__EXERCISE REQUIREMENTS__
Where the listing below has a line with "using triangle_reach_corner[OF assms(1-3)", write out exactly that line and every line after it, stopping after the line with "using same_triangle_inner[OF \<open>u".
= Beginning of Section =
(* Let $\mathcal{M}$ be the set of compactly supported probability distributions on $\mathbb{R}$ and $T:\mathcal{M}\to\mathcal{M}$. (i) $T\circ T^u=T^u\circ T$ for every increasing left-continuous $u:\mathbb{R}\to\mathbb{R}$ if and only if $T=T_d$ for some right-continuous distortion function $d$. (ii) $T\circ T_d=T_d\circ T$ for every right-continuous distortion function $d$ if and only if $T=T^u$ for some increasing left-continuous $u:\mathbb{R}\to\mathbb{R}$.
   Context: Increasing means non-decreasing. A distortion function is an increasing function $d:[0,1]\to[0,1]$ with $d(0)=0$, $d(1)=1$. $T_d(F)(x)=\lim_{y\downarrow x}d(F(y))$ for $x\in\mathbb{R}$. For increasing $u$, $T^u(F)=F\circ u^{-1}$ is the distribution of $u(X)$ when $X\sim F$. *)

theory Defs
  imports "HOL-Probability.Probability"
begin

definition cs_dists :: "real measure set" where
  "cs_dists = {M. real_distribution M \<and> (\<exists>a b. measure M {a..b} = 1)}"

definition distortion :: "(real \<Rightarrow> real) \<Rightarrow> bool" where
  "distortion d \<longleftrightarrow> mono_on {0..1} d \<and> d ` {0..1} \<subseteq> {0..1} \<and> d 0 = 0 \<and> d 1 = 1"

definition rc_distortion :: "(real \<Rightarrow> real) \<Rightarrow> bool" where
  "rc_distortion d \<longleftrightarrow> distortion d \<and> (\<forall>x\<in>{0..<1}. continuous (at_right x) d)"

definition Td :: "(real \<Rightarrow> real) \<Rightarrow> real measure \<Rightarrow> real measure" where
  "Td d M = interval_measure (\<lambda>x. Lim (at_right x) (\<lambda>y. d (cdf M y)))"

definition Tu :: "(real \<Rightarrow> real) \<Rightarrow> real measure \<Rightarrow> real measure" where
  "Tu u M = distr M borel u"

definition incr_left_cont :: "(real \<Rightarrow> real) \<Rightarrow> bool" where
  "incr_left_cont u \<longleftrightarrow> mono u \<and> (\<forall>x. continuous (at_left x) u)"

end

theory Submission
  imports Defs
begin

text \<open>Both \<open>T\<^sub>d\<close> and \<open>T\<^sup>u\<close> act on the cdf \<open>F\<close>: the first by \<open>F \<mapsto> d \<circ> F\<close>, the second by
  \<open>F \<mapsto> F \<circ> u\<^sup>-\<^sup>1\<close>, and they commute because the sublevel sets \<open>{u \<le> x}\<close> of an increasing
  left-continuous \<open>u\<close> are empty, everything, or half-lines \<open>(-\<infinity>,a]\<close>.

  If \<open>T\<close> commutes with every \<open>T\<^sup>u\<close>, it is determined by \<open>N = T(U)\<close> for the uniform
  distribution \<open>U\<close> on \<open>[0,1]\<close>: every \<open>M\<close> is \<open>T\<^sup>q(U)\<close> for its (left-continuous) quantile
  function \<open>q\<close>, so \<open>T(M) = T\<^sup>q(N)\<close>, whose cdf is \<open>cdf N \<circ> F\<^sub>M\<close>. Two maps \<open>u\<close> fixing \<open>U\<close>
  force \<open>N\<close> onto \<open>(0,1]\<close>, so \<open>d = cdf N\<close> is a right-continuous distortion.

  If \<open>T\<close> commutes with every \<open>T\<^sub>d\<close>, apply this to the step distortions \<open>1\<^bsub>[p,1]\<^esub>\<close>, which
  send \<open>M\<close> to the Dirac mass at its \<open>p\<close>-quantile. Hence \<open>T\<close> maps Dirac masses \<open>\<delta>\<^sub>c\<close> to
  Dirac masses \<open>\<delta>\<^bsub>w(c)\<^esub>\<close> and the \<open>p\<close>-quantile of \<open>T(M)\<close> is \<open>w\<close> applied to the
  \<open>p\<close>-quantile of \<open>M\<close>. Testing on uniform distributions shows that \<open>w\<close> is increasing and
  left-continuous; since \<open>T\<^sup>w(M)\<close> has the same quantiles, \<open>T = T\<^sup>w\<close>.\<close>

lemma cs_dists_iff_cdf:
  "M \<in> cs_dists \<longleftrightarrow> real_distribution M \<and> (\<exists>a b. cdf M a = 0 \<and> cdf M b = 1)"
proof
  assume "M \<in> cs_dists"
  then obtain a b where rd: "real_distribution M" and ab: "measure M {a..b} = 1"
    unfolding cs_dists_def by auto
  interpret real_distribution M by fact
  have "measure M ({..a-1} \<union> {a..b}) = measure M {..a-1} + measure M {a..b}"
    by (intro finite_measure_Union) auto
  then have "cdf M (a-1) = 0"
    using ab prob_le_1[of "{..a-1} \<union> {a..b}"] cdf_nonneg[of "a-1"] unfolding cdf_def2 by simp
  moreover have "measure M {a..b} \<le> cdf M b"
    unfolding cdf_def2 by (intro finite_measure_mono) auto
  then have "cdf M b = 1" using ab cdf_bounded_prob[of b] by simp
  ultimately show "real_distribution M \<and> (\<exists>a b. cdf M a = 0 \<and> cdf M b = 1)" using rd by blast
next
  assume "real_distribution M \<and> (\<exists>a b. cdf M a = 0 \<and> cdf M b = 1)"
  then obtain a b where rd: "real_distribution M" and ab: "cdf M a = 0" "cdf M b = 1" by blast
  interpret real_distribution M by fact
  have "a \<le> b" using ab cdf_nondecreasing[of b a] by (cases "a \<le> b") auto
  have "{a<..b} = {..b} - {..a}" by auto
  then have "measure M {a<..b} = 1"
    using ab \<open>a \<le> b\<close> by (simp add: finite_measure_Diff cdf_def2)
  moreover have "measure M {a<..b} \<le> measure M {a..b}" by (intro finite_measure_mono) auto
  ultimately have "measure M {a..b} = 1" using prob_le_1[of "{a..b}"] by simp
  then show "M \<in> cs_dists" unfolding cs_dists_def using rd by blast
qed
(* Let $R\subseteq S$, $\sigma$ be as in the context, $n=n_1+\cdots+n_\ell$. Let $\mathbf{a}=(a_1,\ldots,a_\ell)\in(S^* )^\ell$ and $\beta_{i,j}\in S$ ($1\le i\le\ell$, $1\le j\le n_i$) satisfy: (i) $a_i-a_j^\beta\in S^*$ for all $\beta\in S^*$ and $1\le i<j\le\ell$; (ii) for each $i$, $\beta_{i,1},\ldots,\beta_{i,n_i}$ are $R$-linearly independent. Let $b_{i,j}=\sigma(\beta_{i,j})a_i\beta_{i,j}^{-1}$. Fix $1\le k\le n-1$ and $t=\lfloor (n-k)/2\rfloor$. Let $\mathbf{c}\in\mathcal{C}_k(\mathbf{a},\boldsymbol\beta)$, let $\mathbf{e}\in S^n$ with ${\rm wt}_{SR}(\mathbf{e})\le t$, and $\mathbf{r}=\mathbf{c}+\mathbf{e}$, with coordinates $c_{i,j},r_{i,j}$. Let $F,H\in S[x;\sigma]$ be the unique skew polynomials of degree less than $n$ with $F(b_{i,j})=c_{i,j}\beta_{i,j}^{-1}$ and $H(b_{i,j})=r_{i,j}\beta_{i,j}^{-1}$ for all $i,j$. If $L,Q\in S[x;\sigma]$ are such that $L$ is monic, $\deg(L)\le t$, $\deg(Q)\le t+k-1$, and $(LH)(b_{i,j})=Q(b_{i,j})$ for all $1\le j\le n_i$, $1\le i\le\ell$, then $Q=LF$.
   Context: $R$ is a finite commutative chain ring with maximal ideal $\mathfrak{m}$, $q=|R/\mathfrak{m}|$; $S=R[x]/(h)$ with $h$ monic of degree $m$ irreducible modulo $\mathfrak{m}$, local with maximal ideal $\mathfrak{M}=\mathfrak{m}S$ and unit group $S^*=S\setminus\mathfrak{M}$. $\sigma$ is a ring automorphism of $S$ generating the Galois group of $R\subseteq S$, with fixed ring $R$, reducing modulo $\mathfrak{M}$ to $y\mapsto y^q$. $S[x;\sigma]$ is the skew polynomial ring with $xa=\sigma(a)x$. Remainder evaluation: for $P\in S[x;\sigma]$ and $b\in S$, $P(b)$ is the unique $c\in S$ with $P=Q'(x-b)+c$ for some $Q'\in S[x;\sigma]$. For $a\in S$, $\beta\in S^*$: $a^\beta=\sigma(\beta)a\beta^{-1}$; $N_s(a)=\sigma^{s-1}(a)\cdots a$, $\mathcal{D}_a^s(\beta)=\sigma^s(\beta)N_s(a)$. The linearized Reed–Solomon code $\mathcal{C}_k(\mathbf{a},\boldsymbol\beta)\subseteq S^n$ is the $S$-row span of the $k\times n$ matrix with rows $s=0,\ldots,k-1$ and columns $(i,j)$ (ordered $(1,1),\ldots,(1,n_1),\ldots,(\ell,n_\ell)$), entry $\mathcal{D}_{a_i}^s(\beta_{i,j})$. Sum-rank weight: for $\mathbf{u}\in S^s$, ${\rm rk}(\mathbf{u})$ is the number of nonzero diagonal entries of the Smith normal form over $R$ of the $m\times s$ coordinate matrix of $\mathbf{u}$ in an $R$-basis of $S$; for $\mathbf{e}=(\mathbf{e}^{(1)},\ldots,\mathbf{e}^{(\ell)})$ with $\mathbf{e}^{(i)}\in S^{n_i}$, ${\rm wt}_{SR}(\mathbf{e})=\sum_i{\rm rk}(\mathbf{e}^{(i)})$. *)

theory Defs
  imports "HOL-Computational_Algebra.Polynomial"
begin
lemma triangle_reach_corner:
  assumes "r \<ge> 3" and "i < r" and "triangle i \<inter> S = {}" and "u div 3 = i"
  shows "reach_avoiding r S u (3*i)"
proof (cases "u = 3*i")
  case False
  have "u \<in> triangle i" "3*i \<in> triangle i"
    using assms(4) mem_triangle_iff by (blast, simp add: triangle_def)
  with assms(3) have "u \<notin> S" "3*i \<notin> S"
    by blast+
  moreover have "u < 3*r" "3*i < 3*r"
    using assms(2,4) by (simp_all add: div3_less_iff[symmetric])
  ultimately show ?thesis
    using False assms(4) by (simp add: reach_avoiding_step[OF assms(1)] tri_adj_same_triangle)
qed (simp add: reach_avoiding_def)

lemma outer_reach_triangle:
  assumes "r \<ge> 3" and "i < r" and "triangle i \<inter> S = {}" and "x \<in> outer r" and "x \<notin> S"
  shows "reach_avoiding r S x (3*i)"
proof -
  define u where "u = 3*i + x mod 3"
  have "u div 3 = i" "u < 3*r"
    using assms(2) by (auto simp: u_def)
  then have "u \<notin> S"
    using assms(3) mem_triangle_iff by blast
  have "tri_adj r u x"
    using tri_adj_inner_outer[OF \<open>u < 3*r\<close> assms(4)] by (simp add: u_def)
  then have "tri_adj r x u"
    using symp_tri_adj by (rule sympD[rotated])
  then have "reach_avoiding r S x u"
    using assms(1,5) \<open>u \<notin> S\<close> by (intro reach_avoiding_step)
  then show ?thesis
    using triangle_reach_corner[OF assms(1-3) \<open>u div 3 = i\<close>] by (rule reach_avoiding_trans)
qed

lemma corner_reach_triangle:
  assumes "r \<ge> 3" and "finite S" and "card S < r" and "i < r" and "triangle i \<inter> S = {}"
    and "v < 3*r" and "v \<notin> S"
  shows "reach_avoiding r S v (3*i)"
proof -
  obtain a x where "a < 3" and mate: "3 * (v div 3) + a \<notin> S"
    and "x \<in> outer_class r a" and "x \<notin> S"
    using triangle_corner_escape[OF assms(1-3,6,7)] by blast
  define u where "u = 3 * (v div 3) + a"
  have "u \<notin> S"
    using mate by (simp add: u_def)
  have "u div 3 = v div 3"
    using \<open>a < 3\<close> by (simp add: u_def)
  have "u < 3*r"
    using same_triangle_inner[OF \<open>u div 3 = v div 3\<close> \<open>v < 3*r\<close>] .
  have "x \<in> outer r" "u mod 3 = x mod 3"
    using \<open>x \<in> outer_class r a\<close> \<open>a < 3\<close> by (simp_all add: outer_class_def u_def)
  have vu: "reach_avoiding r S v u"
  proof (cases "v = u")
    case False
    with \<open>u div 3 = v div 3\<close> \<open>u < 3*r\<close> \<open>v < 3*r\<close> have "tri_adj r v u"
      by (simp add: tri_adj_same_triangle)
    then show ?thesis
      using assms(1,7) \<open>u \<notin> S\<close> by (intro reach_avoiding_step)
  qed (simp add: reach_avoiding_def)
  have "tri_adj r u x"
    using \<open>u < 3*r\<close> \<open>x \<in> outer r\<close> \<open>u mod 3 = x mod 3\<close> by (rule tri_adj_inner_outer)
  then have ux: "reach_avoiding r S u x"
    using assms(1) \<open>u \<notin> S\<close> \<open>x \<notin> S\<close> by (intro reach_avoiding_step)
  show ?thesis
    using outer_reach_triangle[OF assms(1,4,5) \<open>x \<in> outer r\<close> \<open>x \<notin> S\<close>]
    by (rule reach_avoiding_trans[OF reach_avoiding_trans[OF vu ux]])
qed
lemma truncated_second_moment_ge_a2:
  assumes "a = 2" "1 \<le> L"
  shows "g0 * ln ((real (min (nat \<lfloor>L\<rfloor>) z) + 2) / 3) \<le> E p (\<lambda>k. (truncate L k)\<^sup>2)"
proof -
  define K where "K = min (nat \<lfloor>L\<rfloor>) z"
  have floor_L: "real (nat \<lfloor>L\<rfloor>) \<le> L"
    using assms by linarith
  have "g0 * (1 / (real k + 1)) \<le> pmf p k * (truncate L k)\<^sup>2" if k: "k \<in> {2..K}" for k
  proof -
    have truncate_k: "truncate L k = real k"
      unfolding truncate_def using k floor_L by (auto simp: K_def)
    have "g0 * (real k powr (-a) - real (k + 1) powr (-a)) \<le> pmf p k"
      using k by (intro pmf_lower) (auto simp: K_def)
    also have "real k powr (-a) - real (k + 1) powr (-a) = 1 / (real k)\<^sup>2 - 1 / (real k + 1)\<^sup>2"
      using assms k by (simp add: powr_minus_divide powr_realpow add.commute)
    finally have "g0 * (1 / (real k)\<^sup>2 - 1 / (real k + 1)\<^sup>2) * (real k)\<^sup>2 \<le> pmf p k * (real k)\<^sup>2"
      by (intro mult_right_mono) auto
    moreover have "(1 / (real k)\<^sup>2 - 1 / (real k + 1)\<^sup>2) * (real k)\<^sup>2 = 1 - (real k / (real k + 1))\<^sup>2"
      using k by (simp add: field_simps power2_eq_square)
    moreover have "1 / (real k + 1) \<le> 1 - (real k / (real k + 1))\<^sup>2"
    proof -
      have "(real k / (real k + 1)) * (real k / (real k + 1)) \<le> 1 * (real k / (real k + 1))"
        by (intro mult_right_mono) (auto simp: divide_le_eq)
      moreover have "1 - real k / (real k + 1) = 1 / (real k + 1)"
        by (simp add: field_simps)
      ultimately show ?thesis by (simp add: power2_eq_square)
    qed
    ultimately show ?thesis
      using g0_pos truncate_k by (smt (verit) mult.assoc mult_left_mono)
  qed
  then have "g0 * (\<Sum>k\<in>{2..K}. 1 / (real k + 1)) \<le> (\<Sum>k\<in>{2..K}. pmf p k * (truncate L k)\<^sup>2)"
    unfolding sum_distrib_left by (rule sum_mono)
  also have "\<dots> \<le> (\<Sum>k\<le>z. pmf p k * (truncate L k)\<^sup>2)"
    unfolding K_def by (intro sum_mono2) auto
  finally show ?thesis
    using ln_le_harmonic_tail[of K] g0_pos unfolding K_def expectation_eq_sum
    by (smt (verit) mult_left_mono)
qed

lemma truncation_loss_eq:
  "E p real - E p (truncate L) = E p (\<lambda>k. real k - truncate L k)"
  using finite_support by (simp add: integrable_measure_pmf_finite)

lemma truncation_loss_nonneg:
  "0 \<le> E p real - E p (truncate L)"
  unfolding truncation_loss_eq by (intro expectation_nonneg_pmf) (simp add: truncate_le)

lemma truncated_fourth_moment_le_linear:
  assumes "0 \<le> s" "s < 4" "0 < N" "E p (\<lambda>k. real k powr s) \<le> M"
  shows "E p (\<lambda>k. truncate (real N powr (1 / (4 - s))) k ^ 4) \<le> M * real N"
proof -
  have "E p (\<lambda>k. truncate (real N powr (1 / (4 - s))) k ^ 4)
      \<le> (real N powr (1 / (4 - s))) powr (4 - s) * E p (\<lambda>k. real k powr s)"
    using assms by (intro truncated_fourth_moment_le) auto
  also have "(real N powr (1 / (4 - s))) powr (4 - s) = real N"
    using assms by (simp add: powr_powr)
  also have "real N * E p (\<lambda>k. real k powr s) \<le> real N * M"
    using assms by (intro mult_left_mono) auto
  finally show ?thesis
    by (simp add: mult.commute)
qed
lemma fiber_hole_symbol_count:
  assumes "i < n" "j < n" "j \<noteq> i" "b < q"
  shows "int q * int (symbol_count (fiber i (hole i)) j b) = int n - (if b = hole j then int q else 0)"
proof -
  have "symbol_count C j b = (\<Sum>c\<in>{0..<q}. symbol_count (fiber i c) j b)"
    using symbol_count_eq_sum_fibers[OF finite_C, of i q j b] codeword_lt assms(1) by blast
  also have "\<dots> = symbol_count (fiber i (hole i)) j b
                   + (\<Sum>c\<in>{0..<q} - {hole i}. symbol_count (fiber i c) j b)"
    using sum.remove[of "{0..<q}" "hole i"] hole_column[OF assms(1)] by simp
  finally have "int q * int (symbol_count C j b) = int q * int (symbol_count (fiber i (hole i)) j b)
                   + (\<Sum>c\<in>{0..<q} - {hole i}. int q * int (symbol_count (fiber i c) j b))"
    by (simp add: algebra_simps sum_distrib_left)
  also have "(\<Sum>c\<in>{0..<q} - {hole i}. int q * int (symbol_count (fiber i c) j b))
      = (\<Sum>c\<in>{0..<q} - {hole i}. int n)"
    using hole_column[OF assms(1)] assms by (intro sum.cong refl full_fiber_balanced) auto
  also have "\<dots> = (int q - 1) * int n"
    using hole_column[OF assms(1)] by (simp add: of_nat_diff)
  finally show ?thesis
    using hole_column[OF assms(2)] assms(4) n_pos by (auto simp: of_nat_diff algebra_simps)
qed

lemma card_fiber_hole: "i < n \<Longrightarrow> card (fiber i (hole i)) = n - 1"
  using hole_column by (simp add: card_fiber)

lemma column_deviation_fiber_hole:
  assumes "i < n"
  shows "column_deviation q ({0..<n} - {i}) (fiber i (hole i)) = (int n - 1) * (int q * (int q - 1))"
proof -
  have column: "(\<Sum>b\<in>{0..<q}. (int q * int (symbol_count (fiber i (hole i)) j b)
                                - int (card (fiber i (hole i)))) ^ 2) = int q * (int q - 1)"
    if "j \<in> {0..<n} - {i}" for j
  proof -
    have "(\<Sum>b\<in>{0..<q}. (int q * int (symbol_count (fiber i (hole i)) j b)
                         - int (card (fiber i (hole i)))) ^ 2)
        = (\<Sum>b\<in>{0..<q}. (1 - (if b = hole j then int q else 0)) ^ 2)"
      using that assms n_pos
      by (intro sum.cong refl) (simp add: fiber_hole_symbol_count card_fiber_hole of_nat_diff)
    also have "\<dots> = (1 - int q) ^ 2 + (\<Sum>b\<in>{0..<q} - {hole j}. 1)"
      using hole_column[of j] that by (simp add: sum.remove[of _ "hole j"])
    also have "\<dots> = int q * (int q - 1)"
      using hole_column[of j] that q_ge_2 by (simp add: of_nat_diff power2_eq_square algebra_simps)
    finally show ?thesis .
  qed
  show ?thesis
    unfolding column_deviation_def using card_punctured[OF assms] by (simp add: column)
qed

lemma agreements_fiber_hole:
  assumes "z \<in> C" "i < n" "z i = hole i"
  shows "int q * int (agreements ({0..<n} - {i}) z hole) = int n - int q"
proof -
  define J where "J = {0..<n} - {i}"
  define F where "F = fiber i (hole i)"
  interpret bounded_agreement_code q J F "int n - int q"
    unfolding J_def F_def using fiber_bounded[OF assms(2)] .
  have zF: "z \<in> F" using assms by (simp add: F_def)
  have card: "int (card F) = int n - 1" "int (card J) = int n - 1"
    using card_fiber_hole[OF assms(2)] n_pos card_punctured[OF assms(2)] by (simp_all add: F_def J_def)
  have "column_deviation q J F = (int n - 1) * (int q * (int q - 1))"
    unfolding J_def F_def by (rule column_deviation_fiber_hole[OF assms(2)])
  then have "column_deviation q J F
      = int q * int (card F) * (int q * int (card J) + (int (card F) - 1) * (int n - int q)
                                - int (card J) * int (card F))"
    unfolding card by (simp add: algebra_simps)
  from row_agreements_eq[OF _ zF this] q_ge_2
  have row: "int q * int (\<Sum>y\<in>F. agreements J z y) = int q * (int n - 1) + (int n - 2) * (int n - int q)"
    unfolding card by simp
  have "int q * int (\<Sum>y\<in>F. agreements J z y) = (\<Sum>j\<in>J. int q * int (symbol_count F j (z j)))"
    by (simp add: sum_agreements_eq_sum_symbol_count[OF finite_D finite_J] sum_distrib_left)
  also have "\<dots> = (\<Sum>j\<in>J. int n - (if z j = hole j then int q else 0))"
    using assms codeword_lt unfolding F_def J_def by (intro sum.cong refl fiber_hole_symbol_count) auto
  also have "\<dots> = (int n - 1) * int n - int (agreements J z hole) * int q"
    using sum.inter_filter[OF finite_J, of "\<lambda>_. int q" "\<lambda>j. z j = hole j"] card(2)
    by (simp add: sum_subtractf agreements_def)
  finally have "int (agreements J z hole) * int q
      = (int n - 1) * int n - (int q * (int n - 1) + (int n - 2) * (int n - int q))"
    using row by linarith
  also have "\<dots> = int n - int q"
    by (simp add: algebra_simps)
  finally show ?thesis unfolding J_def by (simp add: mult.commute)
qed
= End of Section =
__EXERCISE SOLUTION__
    using triangle_reach_corner[OF assms(1-3) \<open>u div 3 = i\<close>] by (rule reach_avoiding_trans)
qed

lemma corner_reach_triangle:
  assumes "r \<ge> 3" and "finite S" and "card S < r" and "i < r" and "triangle i \<inter> S = {}"
    and "v < 3*r" and "v \<notin> S"
  shows "reach_avoiding r S v (3*i)"
proof -
  obtain a x where "a < 3" and mate: "3 * (v div 3) + a \<notin> S"
    and "x \<in> outer_class r a" and "x \<notin> S"
    using triangle_corner_escape[OF assms(1-3,6,7)] by blast
  define u where "u = 3 * (v div 3) + a"
  have "u \<notin> S"
    using mate by (simp add: u_def)
  have "u div 3 = v div 3"
    using \<open>a < 3\<close> by (simp add: u_def)
  have "u < 3*r"
    using same_triangle_inner[OF \<open>u div 3 = v div 3\<close> \<open>v < 3*r\<close>] .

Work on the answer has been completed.